The April 2015 edition of GC Agenda China is the thirteenth in the series. It addresses the opening of new FTZs, expansion of Shanghai's FTZ and the publication of the new 2015 negative list, the latest developments in Shanghai-Hong Kong stock connect, new rules on transfer pricing, a revised draft of China's laws governing employee-generated IP, revised merger control rules and steps toward the implementation of a nationwide property register for China.

New FTZs Launched in Guangdong, Tianjin and Fujian to Compete with Shanghai FTZ

On 25 March 2015 the Political Bureau of the Communist Party of China’s Central Committee approved the official launch of new experimental free trade zones in Guangdong, Tianjin and Fujian, as well as the expansion of the China (Shanghai) Pilot Free Trade Zone (Shanghai FTZ) (中国(上海)自由贸易试验区), to reinvigorate China’s sagging foreign trade and investment numbers, to encourage the development of the service industry, and to help modernize China’s manufacturing sector.

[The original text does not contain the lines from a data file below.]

lemma tendsto_gaussian_mean_cos_cos_cos:
  "((\<lambda>R. gaussian_mean R (\<lambda>x. cos (p \<bullet> x) * cos (q \<bullet> x) * cos (r \<bullet> x))) \<longlongrightarrow>
     (indicator {0} (p + q + r) + indicator {0} (p + q - r) + indicator {0} (p - q + r)
       + indicator {0} (p - q - r)) / 4) at_top"
proof -
  have eq: "(\<lambda>x. cos (p \<bullet> x) * cos (q \<bullet> x) * cos (r \<bullet> x)) = (\<lambda>x. 1/4 *
      (cos ((p + q + r) \<bullet> x) + cos ((p + q - r) \<bullet> x) + cos ((p - q + r) \<bullet> x) + cos ((p - q - r) \<bullet> x)))"
    by (simp add: cos_cos_cos inner_add_left inner_diff_left)
  have "((\<lambda>R. gaussian_mean R (\<lambda>x. 1/4 *
      (cos ((p + q + r) \<bullet> x) + cos ((p + q - r) \<bullet> x) + cos ((p - q + r) \<bullet> x) + cos ((p - q - r) \<bullet> x))))
      \<longlongrightarrow> 1/4 * (indicator {0} (p + q + r) + indicator {0} (p + q - r) + indicator {0} (p - q + r)
       + indicator {0} (p - q - r))) at_top"
    by (intro tendsto_gaussian_mean_cmult tendsto_gaussian_mean_add tendsto_gaussian_mean_cos
        bounded_measurable_add bounded_measurable_cos_inner)
  then show ?thesis
    unfolding eq by simp
qed

lemma tendsto_gaussian_mean_sin_sin_cos:
  "((\<lambda>R. gaussian_mean R (\<lambda>x. sin (p \<bullet> x) * sin (q \<bullet> x) * cos (r \<bullet> x))) \<longlongrightarrow>
     (indicator {0} (p - q + r) + indicator {0} (p - q - r) - indicator {0} (p + q + r)
       - indicator {0} (p + q - r)) / 4) at_top"
proof -
  have eq: "(\<lambda>x. sin (p \<bullet> x) * sin (q \<bullet> x) * cos (r \<bullet> x)) = (\<lambda>x. 1/4 *
      (cos ((p - q + r) \<bullet> x) + cos ((p - q - r) \<bullet> x) - cos ((p + q + r) \<bullet> x) - cos ((p + q - r) \<bullet> x)))"
    by (simp add: sin_sin_cos inner_add_left inner_diff_left)
  have "((\<lambda>R. gaussian_mean R (\<lambda>x. 1/4 *
      (cos ((p - q + r) \<bullet> x) + cos ((p - q - r) \<bullet> x) - cos ((p + q + r) \<bullet> x) - cos ((p + q - r) \<bullet> x))))
      \<longlongrightarrow> 1/4 * (indicator {0} (p - q + r) + indicator {0} (p - q - r) - indicator {0} (p + q + r)
       - indicator {0} (p + q - r))) at_top"
    by (intro tendsto_gaussian_mean_cmult tendsto_gaussian_mean_add tendsto_gaussian_mean_diff
        tendsto_gaussian_mean_cos bounded_measurable_add bounded_measurable_diff
        bounded_measurable_cos_inner)
  then show ?thesis
    unfolding eq by simp
qed

lemma tendsto_gaussian_mean_cos_cos:
  "((\<lambda>R. gaussian_mean R (\<lambda>x. cos (p \<bullet> x) * cos (q \<bullet> x))) \<longlongrightarrow>
     (indicator {0} (p + q) + indicator {0} (p - q)) / 2) at_top"
proof -
  have "(2 * indicator {0} (p - q) + 2 * indicator {0} (p + q)) / 4
      = (indicator {0} (p + q) + indicator {0} (p - q)) / (2::real)"
    by (simp add: field_simps)
  with tendsto_gaussian_mean_cos_cos_cos[of p q 0] show ?thesis
    by simp
qed

lemma tendsto_gaussian_mean_sin_sin:
  "((\<lambda>R. gaussian_mean R (\<lambda>x. sin (p \<bullet> x) * sin (q \<bullet> x))) \<longlongrightarrow>
     (indicator {0} (p - q) - indicator {0} (p + q)) / 2) at_top"
proof -
  have "(2 * indicator {0} (p - q) - 2 * indicator {0} (p + q)) / 4
      = (indicator {0} (p - q) - indicator {0} (p + q)) / (2::real)"
    by (simp add: field_simps)
  with tendsto_gaussian_mean_sin_sin_cos[of p q 0] show ?thesis
    by simp
qed

lemma tendsto_gaussian_mean_cos_sum:
  "((\<lambda>R. gaussian_mean R (\<lambda>x. \<Sum>i\<in>I. w i * cos (p i \<bullet> x))) \<longlongrightarrow>
     (\<Sum>i\<in>I. w i * indicator {0} (p i))) at_top"
  by (intro tendsto_gaussian_mean_sum tendsto_gaussian_mean_cmult tendsto_gaussian_mean_cos
      bounded_measurable_intros)

lemma tendsto_gaussian_mean_cos_cos_sum:
  "((\<lambda>R. gaussian_mean R (\<lambda>x. \<Sum>i\<in>I. \<Sum>j\<in>J. w i j * (cos (p i \<bullet> x) * cos (q j \<bullet> x)))) \<longlongrightarrow>
     (\<Sum>i\<in>I. \<Sum>j\<in>J. w i j * ((indicator {0} (p i + q j) + indicator {0} (p i - q j)) / 2))) at_top"
  by (intro tendsto_gaussian_mean_sum tendsto_gaussian_mean_cmult tendsto_gaussian_mean_cos_cos
      bounded_measurable_intros)

lemma tendsto_gaussian_mean_sin_sin_sum:
  "((\<lambda>R. gaussian_mean R (\<lambda>x. \<Sum>i\<in>I. \<Sum>j\<in>J. w i j * (sin (p i \<bullet> x) * sin (q j \<bullet> x)))) \<longlongrightarrow>
     (\<Sum>i\<in>I. \<Sum>j\<in>J. w i j * ((indicator {0} (p i - q j) - indicator {0} (p i + q j)) / 2))) at_top"
  by (intro tendsto_gaussian_mean_sum tendsto_gaussian_mean_cmult tendsto_gaussian_mean_sin_sin
      bounded_measurable_intros)

lemma tendsto_gaussian_mean_cos_cos_cos_sum:
  "((\<lambda>R. gaussian_mean R (\<lambda>x. \<Sum>i\<in>I. \<Sum>j\<in>J. \<Sum>l\<in>L.
       w i j l * (cos (p i \<bullet> x) * cos (q j \<bullet> x) * cos (r l \<bullet> x)))) \<longlongrightarrow>
     (\<Sum>i\<in>I. \<Sum>j\<in>J. \<Sum>l\<in>L. w i j l * ((indicator {0} (p i + q j + r l) + indicator {0} (p i + q j - r l)
        + indicator {0} (p i - q j + r l) + indicator {0} (p i - q j - r l)) / 4))) at_top"
  by (intro tendsto_gaussian_mean_sum tendsto_gaussian_mean_cmult tendsto_gaussian_mean_cos_cos_cos
      bounded_measurable_intros)

lemma tendsto_gaussian_mean_sin_sin_cos_sum:
  "((\<lambda>R. gaussian_mean R (\<lambda>x. \<Sum>i\<in>I. \<Sum>j\<in>J. \<Sum>l\<in>L.
       w i j l * (sin (p i \<bullet> x) * sin (q j \<bullet> x) * cos (r l \<bullet> x)))) \<longlongrightarrow>
     (\<Sum>i\<in>I. \<Sum>j\<in>J. \<Sum>l\<in>L. w i j l * ((indicator {0} (p i - q j + r l) + indicator {0} (p i - q j - r l)
        - indicator {0} (p i + q j + r l) - indicator {0} (p i + q j - r l)) / 4))) at_top"
  by (intro tendsto_gaussian_mean_sum tendsto_gaussian_mean_cmult tendsto_gaussian_mean_sin_sin_cos
      bounded_measurable_intros)

lemma abs_exp_minus_taylor_le:
  fixes u :: real
  assumes "\<bar>u\<bar> \<le> c" "c \<le> 1"
  shows "\<bar>exp u - (\<Sum>k\<le>n. u ^ k / fact k)\<bar> \<le> 3 * c ^ Suc n / fact n"
proof -
  have "exp \<bar>u\<bar> \<le> 3"
    using assms exp_le order_trans[of "exp \<bar>u\<bar>" "exp 1"] by auto
  moreover have "\<bar>u\<bar> ^ Suc n \<le> c ^ Suc n"
    using assms(1) by (intro power_mono) auto
  ultimately have "exp \<bar>u\<bar> * \<bar>u\<bar> ^ Suc n / fact n \<le> 3 * c ^ Suc n / fact n"
    by (intro divide_right_mono mult_mono) auto
  with Taylor_exp_field[of u n] show ?thesis
    by simp
qed

lemma eventually_gaussian_mean_exp_taylor:
  fixes G \<phi> :: "'a::euclidean_space \<Rightarrow> real"
  assumes G: "bounded_measurable G" "\<And>x. \<bar>G x\<bar> \<le> B"
    and \<phi>: "bounded_measurable \<phi>" "\<And>x. \<bar>\<phi> x\<bar> \<le> K" and small: "\<bar>\<epsilon>\<bar> * K \<le> 1"
    and moments: "\<And>k. k \<le> n \<Longrightarrow> ((\<lambda>R. gaussian_mean R (\<lambda>x. G x * \<phi> x ^ k)) \<longlongrightarrow> m k) at_top"
    and "\<delta> > 0"
  shows "\<forall>\<^sub>F R in at_top. \<bar>gaussian_mean R (\<lambda>x. G x * exp (\<epsilon> * \<phi> x)) - (\<Sum>k\<le>n. \<epsilon> ^ k / fact k * m k)\<bar>
           \<le> 3 * B * (\<bar>\<epsilon>\<bar> * K) ^ Suc n / fact n + \<delta>"
proof -
  define T where "T x = (\<Sum>k\<le>n. \<epsilon> ^ k / fact k * (G x * \<phi> x ^ k))" for x
  have bm_T: "bounded_measurable T" and bm_exp: "bounded_measurable (\<lambda>x. G x * exp (\<epsilon> * \<phi> x))"
    unfolding T_def by (intro bounded_measurable_intros G(1) \<phi>(1))+
  have remainder: "\<bar>G x * exp (\<epsilon> * \<phi> x) - T x\<bar> \<le> 3 * B * (\<bar>\<epsilon>\<bar> * K) ^ Suc n / fact n" for x
  proof -
    have "\<bar>\<epsilon> * \<phi> x\<bar> \<le> \<bar>\<epsilon>\<bar> * K"
      unfolding abs_mult using \<phi>(2) by (intro mult_left_mono) auto
    from abs_exp_minus_taylor_le[OF this small]
    have "\<bar>G x\<bar> * \<bar>exp (\<epsilon> * \<phi> x) - (\<Sum>k\<le>n. (\<epsilon> * \<phi> x) ^ k / fact k)\<bar>
        \<le> B * (3 * (\<bar>\<epsilon>\<bar> * K) ^ Suc n / fact n)"
      using G(2)[of x] order_trans[OF abs_ge_zero G(2)] by (intro mult_mono) auto
    moreover have "T x = G x * (\<Sum>k\<le>n. (\<epsilon> * \<phi> x) ^ k / fact k)"
      by (simp add: T_def sum_distrib_left power_mult_distrib field_simps)
    ultimately show ?thesis
      by (simp add: abs_mult mult_ac flip: right_diff_distrib)
  qed
  have "((\<lambda>R. gaussian_mean R T) \<longlongrightarrow> (\<Sum>k\<le>n. \<epsilon> ^ k / fact k * m k)) at_top"
    unfolding T_def
    by (intro tendsto_gaussian_mean_sum tendsto_gaussian_mean_cmult moments bounded_measurable_intros
        G(1) \<phi>(1)) auto
  then have "\<forall>\<^sub>F R in at_top. \<bar>gaussian_mean R T - (\<Sum>k\<le>n. \<epsilon> ^ k / fact k * m k)\<bar> < \<delta>"
    using \<open>\<delta> > 0\<close> by (auto simp: tendsto_iff dist_real_def)
  then show ?thesis
  proof eventually_elim
    case (elim R)
    have "\<bar>gaussian_mean R (\<lambda>x. G x * exp (\<epsilon> * \<phi> x)) - gaussian_mean R T\<bar>
        \<le> 3 * B * (\<bar>\<epsilon>\<bar> * K) ^ Suc n / fact n"
      unfolding gaussian_mean_diff[OF bm_exp bm_T, symmetric]
      using bm_exp bm_T remainder
      by (intro gaussian_mean_abs_le) (auto simp: bounded_measurable_def)
    with elim show ?case
      by linarith
  qed
qed

lemma pd_has_derivative:
  assumes "(g has_derivative g') (at x)"
  shows "pd i g x = g' (axis i 1)"
proof -
  have "((\<lambda>t. x + t *\<^sub>R axis i 1) has_derivative (\<lambda>t. t *\<^sub>R axis i 1)) (at 0)"
    by (auto intro!: derivative_eq_intros)
  with assms have "((\<lambda>t. g (x + t *\<^sub>R axis i 1)) has_derivative (\<lambda>t. g' (t *\<^sub>R axis i 1))) (at 0)"
    using diff_chain_at[of "\<lambda>t. x + t *\<^sub>R axis i 1" _ 0 g g'] by (simp add: o_def)
  moreover have "(\<lambda>t. g' (t *\<^sub>R axis i 1)) = (*) (g' (axis i 1))"
    using has_derivative_linear[OF assms] by (auto simp: linear_scale mult.commute)
  ultimately have "((\<lambda>t. g (x + t *\<^sub>R axis i 1)) has_field_derivative g' (axis i 1)) (at 0)"
    by (simp add: has_field_derivative_def)
  then show ?thesis
    unfolding pd_def by (rule DERIV_imp_deriv)
qed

A 28 December 2014 decision by the National People's Congress (NPC) Standing Committee (全国人民代表大会常务委员会(全国人大常委会)) established the geographical parameters of the new zones, expanded the Shanghai FTZ, and permitted the State Council (中华人民共和国国务院) to adjust various examination and approval items within the zones for a three year period beginning 1 March 2015.
The new zones are:
Zone
Area
Policy goal
China (Guangdong) Pilot Free Trade Zone (Guangdong FTZ) (中国(广东)自由贸易试验区)
  • Nansha New Area in Guangzhou
  • Shenzhen Qianhai
  • Zhuhai Hengqin New Area
Further integrating Hong Kong and Macau into the national economy
China (Tianjin) Pilot Free Trade Zone (Tianjin FTZ) (中国(天津)自由贸易试验区)
  • Tianjin Port
  • Tianjin Airport
  • Binhai New Area industrial park
Further integrating the local economies of Beijing and North China
China (Fujian) Pilot Free Trade Zone (Fujian FTZ)(中国(福建)自由贸易试验区)
  • Industrial areas in Fuzhou
  • Xiamen
  • Pingtan
Further integrating Taiwan into the national economy
The Shanghai FTZ has been expanded to include Lujiazui financial district, which is expected to further open the service industry and liberalize the financial sector, as well as Jinqiao development zone and Zhangjiang hi-tech park.
The decision has set aside China’s traditional examination and approval requirements in favour of a one-stop record filing platform that will employ the national treatment / negative list approach to market entry currently in force in the Shanghai FTZ (see Practice note, China (Shanghai) Pilot Free Trade Zone: overview: Negative list approach). The 2015 negative list was released on 20 April 2015 and will be effective from 8 May 2015. Unlike its predecessors, the new list will apply to all of the free trade zones.
Most of the changes in the 2015 negative list mirror the changes in the 2015 Foreign Investment Catalogue, including:
  • Reducing the number of industrial sectors restricted or prohibited to foreign investors.
  • Cutting the number of industries limited to EJVs or CJVs.
  • Reducing the number of industrial sectors in which foreign investment projects must grant domestic Chinese parties a majority (or a relative majority) equity participation.
Some restrictions and prohibitions that appear in the 2015 Foreign Investment Catalogue have been removed from the 2015 Negative List. It is likely that the lifting of restrictions on investment in the affected sectors signals further opening-up if the trial in the FTZs is successful. Key industry sectors in this category include:
  • Wholesale of grains and cotton, and construction and operation of large-scale agricultural products wholesale markets.
  • Construction and operation of gas stations.
  • Construction and operation of villas and golf courses.
For a sector-by-sector review and summary of the changes in the new negative list, see Legal update, China publishes 2015 Negative List for FTZs.
Though the Shanghai FTZ has enjoyed only limited success in opening new sectors to and otherwise attracting foreign investment since its establishment on 1 October 2013, it has developed certain liberalized procedures which may be utilized by the new zones. Specifically, the new zones are expected to adopt the financial reform policies (for example, permitting capital account foreign exchange conversion and the opening of free trade accounts, eliminating interest rate controls, and further loosening the cross-border flow of RMB) and the "enter first, declare later" policy for customs clearance pioneered by the Shanghai FTZ.

Action items

GC with new or expanded projects planned for China may find the Shanghai FTZ or one of the new zones to be an attractive host. Foreign investors may also be able to take advantage of competition among investment destinations, especially in the early stages of a new zone’s development. Such competition can result in meaningful preferences and other concessions for businesses and their employees.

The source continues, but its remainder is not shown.